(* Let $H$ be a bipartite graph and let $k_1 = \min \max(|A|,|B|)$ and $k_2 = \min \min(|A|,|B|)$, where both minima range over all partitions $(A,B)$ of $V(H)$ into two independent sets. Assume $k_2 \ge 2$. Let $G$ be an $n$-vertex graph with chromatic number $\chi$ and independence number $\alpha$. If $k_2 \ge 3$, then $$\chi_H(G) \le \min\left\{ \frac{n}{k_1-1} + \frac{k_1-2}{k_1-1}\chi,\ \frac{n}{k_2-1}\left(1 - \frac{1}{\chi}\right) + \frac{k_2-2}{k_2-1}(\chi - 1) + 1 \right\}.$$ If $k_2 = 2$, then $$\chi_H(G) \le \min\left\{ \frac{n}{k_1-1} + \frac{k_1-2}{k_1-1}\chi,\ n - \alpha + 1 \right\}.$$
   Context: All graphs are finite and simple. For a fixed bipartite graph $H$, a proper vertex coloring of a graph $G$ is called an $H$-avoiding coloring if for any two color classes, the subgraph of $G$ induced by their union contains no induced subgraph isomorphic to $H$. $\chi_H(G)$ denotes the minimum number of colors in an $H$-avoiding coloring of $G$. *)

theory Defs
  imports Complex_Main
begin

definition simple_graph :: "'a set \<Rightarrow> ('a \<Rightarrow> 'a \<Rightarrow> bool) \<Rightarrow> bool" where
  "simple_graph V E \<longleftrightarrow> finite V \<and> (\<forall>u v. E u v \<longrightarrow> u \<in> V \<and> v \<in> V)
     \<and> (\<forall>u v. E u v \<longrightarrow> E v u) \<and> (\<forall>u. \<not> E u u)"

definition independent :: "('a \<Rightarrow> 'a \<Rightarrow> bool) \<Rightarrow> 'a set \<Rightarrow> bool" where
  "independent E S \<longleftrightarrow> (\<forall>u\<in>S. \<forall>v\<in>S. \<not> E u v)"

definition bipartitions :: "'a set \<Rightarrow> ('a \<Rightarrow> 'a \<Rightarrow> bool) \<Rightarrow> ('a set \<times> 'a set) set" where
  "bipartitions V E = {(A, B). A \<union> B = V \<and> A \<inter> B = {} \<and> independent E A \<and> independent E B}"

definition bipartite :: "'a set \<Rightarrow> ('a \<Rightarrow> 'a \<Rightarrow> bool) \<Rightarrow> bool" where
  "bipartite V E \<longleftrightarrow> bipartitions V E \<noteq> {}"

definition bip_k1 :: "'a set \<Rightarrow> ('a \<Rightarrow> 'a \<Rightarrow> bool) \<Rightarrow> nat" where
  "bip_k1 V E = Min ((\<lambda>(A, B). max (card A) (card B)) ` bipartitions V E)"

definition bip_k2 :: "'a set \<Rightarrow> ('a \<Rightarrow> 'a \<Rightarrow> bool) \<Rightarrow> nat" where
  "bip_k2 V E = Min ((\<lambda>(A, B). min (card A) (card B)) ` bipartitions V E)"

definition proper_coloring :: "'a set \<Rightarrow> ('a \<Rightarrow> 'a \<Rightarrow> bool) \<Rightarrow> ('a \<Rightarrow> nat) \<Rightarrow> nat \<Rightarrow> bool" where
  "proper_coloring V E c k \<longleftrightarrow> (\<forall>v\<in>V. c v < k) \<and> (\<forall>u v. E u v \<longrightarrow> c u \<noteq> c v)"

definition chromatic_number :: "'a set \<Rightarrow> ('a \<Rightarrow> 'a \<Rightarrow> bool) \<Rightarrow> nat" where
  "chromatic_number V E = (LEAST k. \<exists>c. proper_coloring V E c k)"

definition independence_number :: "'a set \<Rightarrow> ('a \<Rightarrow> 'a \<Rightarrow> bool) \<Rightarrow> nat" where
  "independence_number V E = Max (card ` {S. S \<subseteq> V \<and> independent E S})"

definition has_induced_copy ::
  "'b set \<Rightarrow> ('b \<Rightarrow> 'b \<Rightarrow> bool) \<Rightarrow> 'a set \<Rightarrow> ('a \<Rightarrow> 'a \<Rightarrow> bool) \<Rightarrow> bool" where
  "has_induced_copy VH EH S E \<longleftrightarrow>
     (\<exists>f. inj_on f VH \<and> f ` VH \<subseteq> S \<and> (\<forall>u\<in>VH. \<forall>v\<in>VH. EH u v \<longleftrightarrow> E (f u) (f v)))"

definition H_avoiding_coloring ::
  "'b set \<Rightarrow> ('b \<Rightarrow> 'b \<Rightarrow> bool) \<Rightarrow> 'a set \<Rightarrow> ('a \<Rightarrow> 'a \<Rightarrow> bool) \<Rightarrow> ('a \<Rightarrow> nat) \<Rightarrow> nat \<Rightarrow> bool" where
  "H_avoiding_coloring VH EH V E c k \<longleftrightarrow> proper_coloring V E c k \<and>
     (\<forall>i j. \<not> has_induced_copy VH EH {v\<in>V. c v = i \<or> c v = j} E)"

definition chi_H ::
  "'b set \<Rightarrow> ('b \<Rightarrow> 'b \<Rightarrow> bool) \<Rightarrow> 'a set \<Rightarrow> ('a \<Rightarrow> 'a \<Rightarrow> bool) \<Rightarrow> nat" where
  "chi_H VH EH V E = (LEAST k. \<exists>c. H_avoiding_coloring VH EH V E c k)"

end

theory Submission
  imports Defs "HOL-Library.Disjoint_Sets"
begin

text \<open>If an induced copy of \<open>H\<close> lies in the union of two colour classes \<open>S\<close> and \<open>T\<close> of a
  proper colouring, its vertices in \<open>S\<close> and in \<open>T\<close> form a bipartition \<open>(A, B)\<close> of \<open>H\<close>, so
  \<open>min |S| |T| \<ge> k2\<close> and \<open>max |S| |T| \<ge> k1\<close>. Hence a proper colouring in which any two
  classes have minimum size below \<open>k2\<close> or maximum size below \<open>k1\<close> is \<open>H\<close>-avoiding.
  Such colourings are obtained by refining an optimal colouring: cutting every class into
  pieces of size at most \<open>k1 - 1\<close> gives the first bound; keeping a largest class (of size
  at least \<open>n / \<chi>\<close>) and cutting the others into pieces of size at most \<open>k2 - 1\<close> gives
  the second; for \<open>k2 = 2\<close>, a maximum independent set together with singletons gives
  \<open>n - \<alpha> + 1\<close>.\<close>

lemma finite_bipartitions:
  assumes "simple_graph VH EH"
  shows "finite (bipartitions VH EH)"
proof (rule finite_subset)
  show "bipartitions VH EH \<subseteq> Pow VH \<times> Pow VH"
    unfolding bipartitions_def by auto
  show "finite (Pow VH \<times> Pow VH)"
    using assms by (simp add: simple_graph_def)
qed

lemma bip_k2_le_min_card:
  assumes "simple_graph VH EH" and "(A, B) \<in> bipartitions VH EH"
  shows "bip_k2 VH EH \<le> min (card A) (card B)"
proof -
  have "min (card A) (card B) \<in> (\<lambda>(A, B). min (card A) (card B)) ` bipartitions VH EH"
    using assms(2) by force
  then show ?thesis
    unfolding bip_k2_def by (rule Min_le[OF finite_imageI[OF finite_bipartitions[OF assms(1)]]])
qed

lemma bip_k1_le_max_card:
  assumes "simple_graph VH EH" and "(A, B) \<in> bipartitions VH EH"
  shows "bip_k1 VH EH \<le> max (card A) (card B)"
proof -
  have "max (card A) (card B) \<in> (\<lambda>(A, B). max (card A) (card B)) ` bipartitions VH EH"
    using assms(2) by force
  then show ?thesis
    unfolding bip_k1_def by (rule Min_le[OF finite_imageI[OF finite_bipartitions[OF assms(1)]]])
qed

━━━━

Show all lines above containing "exists".

  "chromatic_number V E = (LEAST k. \<exists>c. proper_coloring V E c k)"
     (\<exists>f. inj_on f VH \<and> f ` VH \<subseteq> S \<and> (\<forall>u\<in>VH. \<forall>v\<in>VH. EH u v \<longleftrightarrow> E (f u) (f v)))"
  "chi_H VH EH V E = (LEAST k. \<exists>c. H_avoiding_coloring VH EH V E c k)"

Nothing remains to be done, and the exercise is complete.